Why We Can't (and Shouldn't) Always Be Productive

Every young women has probably had it said to her on at least one occasion, “make sure you pursue your dreams now, because once you get married (or have children) you will no longer be able to get as much done.”

In some ways this is what Paul had in mind when he talked about the single person being free to minister, while the married one is divided in her pursuits. But often when we hear people talk about marriage and children it is with a negative bent. Divided attention hampers productivity. And in our industrious society, what you produce is what defines you and gives you value.

The culture would have us believe that marriage is the end of all aspirations and productivity. You are now tied down. You aren’t free. You now answer to someone other than yourself. While marriage does limit the freedom of doing things on a whim and working until midnight every night, marriage also gives us a really important thing that God desires for us—greater personal holiness.

Suddenly, I can’t do everything I want to do all of the time. And that is a very good thing sometimes. Marriage has made me get outside of myself and examine my priorities. Marriage has made me die to my idols of productivity that hinder me from loving my husband more than I love my pursuits. Marriage has revealed just how utterly selfish I am about “my time.” Marriage is the God-ordained institution that points to the relationship between Christ and the Church. Completing my endless to-do list does not.

As created beings we were made to be productive and to work hard for God’s glory. But this is not the only thing we were created for, as much as our western world would have us believe otherwise. We were also created for relationships with friends, family, spouses, and children, and more importantly, a relationship with our Savior. It is through these relationships that I am stripped of my sin and idolatry. It is through these relationships that I am able to see Christ in greater measure. These are realities that a solitary pursuit of my own perfect productivity can never create.

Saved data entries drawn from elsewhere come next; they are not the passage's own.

section \<open>The union bound\<close>

lemma finite_color_multisets: "finite (color_multisets a b)"
proof -
  have "color_multisets a b \<subseteq> mset ` {xs. set xs \<subseteq> {1..b} \<and> length xs = a}"
    by (auto simp: color_multisets_def image_iff) (metis ex_mset set_mset_mset size_mset)
  moreover have "finite {xs. set xs \<subseteq> {1..b} \<and> length xs = a}"
    by (rule finite_lists_length_eq) simp
  ultimately show ?thesis by (auto intro: finite_subset)
qed

definition type_count_near ::
  "nat \<Rightarrow> nat \<Rightarrow> real \<Rightarrow> nat \<Rightarrow> nat \<Rightarrow> nat set set \<Rightarrow> (nat \<Rightarrow> nat) \<Rightarrow> nat multiset \<Rightarrow> bool" where
  "type_count_near a b \<epsilon> n m H C T \<longleftrightarrow>
     (pC a b n C T - \<epsilon>) * real m \<le> real (edges_with_type H C T) \<and>
     real (edges_with_type H C T) \<le> (pC a b n C T + \<epsilon>) * real m"

lemma good_hypergraph_iff_restricted_colorings:
  assumes "H \<in> hypergraphs a n m"
  shows "good_hypergraph a b \<epsilon> n m H \<longleftrightarrow>
         (\<forall>C\<in>(\<Pi>\<^sub>E v\<in>{1..n}. {1..b}). \<forall>T\<in>color_multisets a b. type_count_near a b \<epsilon> n m H C T)"
proof -
  have "type_count_near a b \<epsilon> n m H (restrict C {1..n}) T = type_count_near a b \<epsilon> n m H C T" for C T
  proof -
    have "color_class_size n (restrict C {1..n}) j = color_class_size n C j" for j
      unfolding color_class_size_def by (intro arg_cong[where f=card]) auto
    moreover have "color_multiset (restrict C {1..n}) e = color_multiset C e" if "e \<subseteq> {1..n}" for e
      unfolding color_multiset_def using that finite_subset[OF that] by (intro image_mset_cong) auto
    then have "edges_with_type H (restrict C {1..n}) T = edges_with_type H C T"
      using assms unfolding edges_with_type_def hypergraphs_def by (intro arg_cong[where f=card]) auto
    ultimately show ?thesis by (simp add: type_count_near_def pC_def)
  qed
  moreover have "restrict C {1..n} \<in> (\<Pi>\<^sub>E v\<in>{1..n}. {1..b})" if "is_coloring n b C" for C
    using that by (auto simp: is_coloring_def)
  moreover have "is_coloring n b C" if "C \<in> (\<Pi>\<^sub>E v\<in>{1..n}. {1..b})" for C
    using that by (auto simp: is_coloring_def)
  ultimately show ?thesis
    unfolding good_hypergraph_def type_count_near_def[symmetric] by blast
qed

lemma card_not_type_count_near_le:
  fixes \<epsilon> :: real
  assumes "\<epsilon> > 0" "a \<le> n" "is_coloring n b C" "T \<in> color_multisets a b"
  shows "real (card {H \<in> hypergraphs a n m. \<not> type_count_near a b \<epsilon> n m H C T})
         \<le> 2 * real (card (hypergraphs a n m)) * exp (- tail_rate \<epsilon> * real m)"
proof -
  define U where "U = {e. e \<subseteq> {1..n} \<and> card e = a}"
  define S where "S = {e. e \<subseteq> {1..n} \<and> card e = a \<and> color_multiset C e = T}"
  have "finite U" unfolding U_def by (simp add: finite_Collect_subsets_conj)
  have "card U = n choose a" unfolding U_def using n_subsets[of "{1..n}" a] by simp
  then have "S \<subseteq> U" "card U > 0" using \<open>a \<le> n\<close> by (auto simp: S_def U_def)
  have hypergraphs_U: "hypergraphs a n m = {H. H \<subseteq> U \<and> card H = m}"
    unfolding hypergraphs_def U_def ..
  have "edges_with_type H C T = card (H \<inter> S)" if "H \<subseteq> U" for H
    unfolding edges_with_type_def S_def using that U_def by (intro arg_cong[where f=card]) auto
  then have "{H \<in> hypergraphs a n m. \<not> type_count_near a b \<epsilon> n m H C T}
    = {H. H \<subseteq> U \<and> card H = m \<and>
        \<not> ((real (card S) / real (card U) - \<epsilon>) * real m \<le> real (card (H \<inter> S)) \<and>
           real (card (H \<inter> S)) \<le> (real (card S) / real (card U) + \<epsilon>) * real m)}"
    using pC_eq_edge_fraction[OF assms(3,4)] \<open>card U = n choose a\<close>
    unfolding type_count_near_def hypergraphs_U S_def by auto
  with card_subsets_deviating_le[OF \<open>finite U\<close> \<open>S \<subseteq> U\<close> \<open>card U > 0\<close> \<open>\<epsilon> > 0\<close>, of m]
  show ?thesis unfolding hypergraphs_U n_subsets[OF \<open>finite U\<close>] by simp
qed

lemma card_not_good_hypergraph_le:
  fixes \<epsilon> :: real
  assumes "\<epsilon> > 0" "a \<le> n"
  shows "real (card {H \<in> hypergraphs a n m. \<not> good_hypergraph a b \<epsilon> n m H})
         \<le> 2 * real (card (color_multisets a b)) * real b ^ n
            * real (card (hypergraphs a n m)) * exp (- tail_rate \<epsilon> * real m)"
proof -
  define F where "F = (\<Pi>\<^sub>E v\<in>{1..n}. {1..b})"
  define TT where "TT = color_multisets a b"
  define bad where "bad C T = {H \<in> hypergraphs a n m. \<not> type_count_near a b \<epsilon> n m H C T}" for C T
  have "finite F" "finite TT"
    unfolding F_def TT_def by (simp_all add: finite_PiE finite_color_multisets)
  have "finite (hypergraphs a n m)"
    unfolding hypergraphs_def by (simp add: finite_Collect_subsets_conj)
  have "{H \<in> hypergraphs a n m. \<not> good_hypergraph a b \<epsilon> n m H} \<subseteq> (\<Union>C\<in>F. \<Union>T\<in>TT. bad C T)"
    by (auto simp: bad_def F_def TT_def good_hypergraph_iff_restricted_colorings)
  then have "card {H \<in> hypergraphs a n m. \<not> good_hypergraph a b \<epsilon> n m H}
      \<le> card (\<Union>C\<in>F. \<Union>T\<in>TT. bad C T)"
    by (rule card_mono[rotated])
      (rule finite_subset[OF _ \<open>finite (hypergraphs a n m)\<close>], auto simp: bad_def)
  also have "\<dots> \<le> (\<Sum>C\<in>F. card (\<Union>T\<in>TT. bad C T))"
    using \<open>finite F\<close> by (rule card_UN_le)
  also have "\<dots> \<le> (\<Sum>C\<in>F. \<Sum>T\<in>TT. card (bad C T))"
    using \<open>finite TT\<close> by (intro sum_mono card_UN_le)
  finally have "real (card {H \<in> hypergraphs a n m. \<not> good_hypergraph a b \<epsilon> n m H})
      \<le> (\<Sum>C\<in>F. \<Sum>T\<in>TT. real (card (bad C T)))"
    by (simp flip: of_nat_sum)
  also have "\<dots> \<le> (\<Sum>C\<in>F. \<Sum>T\<in>TT. 2 * real (card (hypergraphs a n m)) * exp (- tail_rate \<epsilon> * real m))"
    using assms unfolding bad_def F_def TT_def
    by (intro sum_mono card_not_type_count_near_le) (auto simp: is_coloring_def)
  finally show ?thesis unfolding F_def TT_def by (simp add: card_PiE mult_ac)
qed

Like I said, in the relationship of marriage I have to die to self, serve, and love another person. It’s not always pay raises and glory, but it’s good. It pays much greater dividends in the long run. And while I am still thankful for the days where I can get my to-do list completely checked off, I am learning to be much more thankful for the moments of relational intimacy that marriage provides. Productivity and relationships are not in competition with one another. They both are necessary in God’s economy. And they both can easily become idols if we are not careful.

And now that I am married I am on the other end of the advice giving to young women. The next time I feel tempted to imply that your dreams of productivity are over once you get married, I will stop myself. Marriage and family are not the dashing of our dreams; rather they are the reorientation of these dreams. Through marriage and family our aspirations and desire for productivity are tempered and sanctified by the beauty of living life with another person. And that is a very good thing.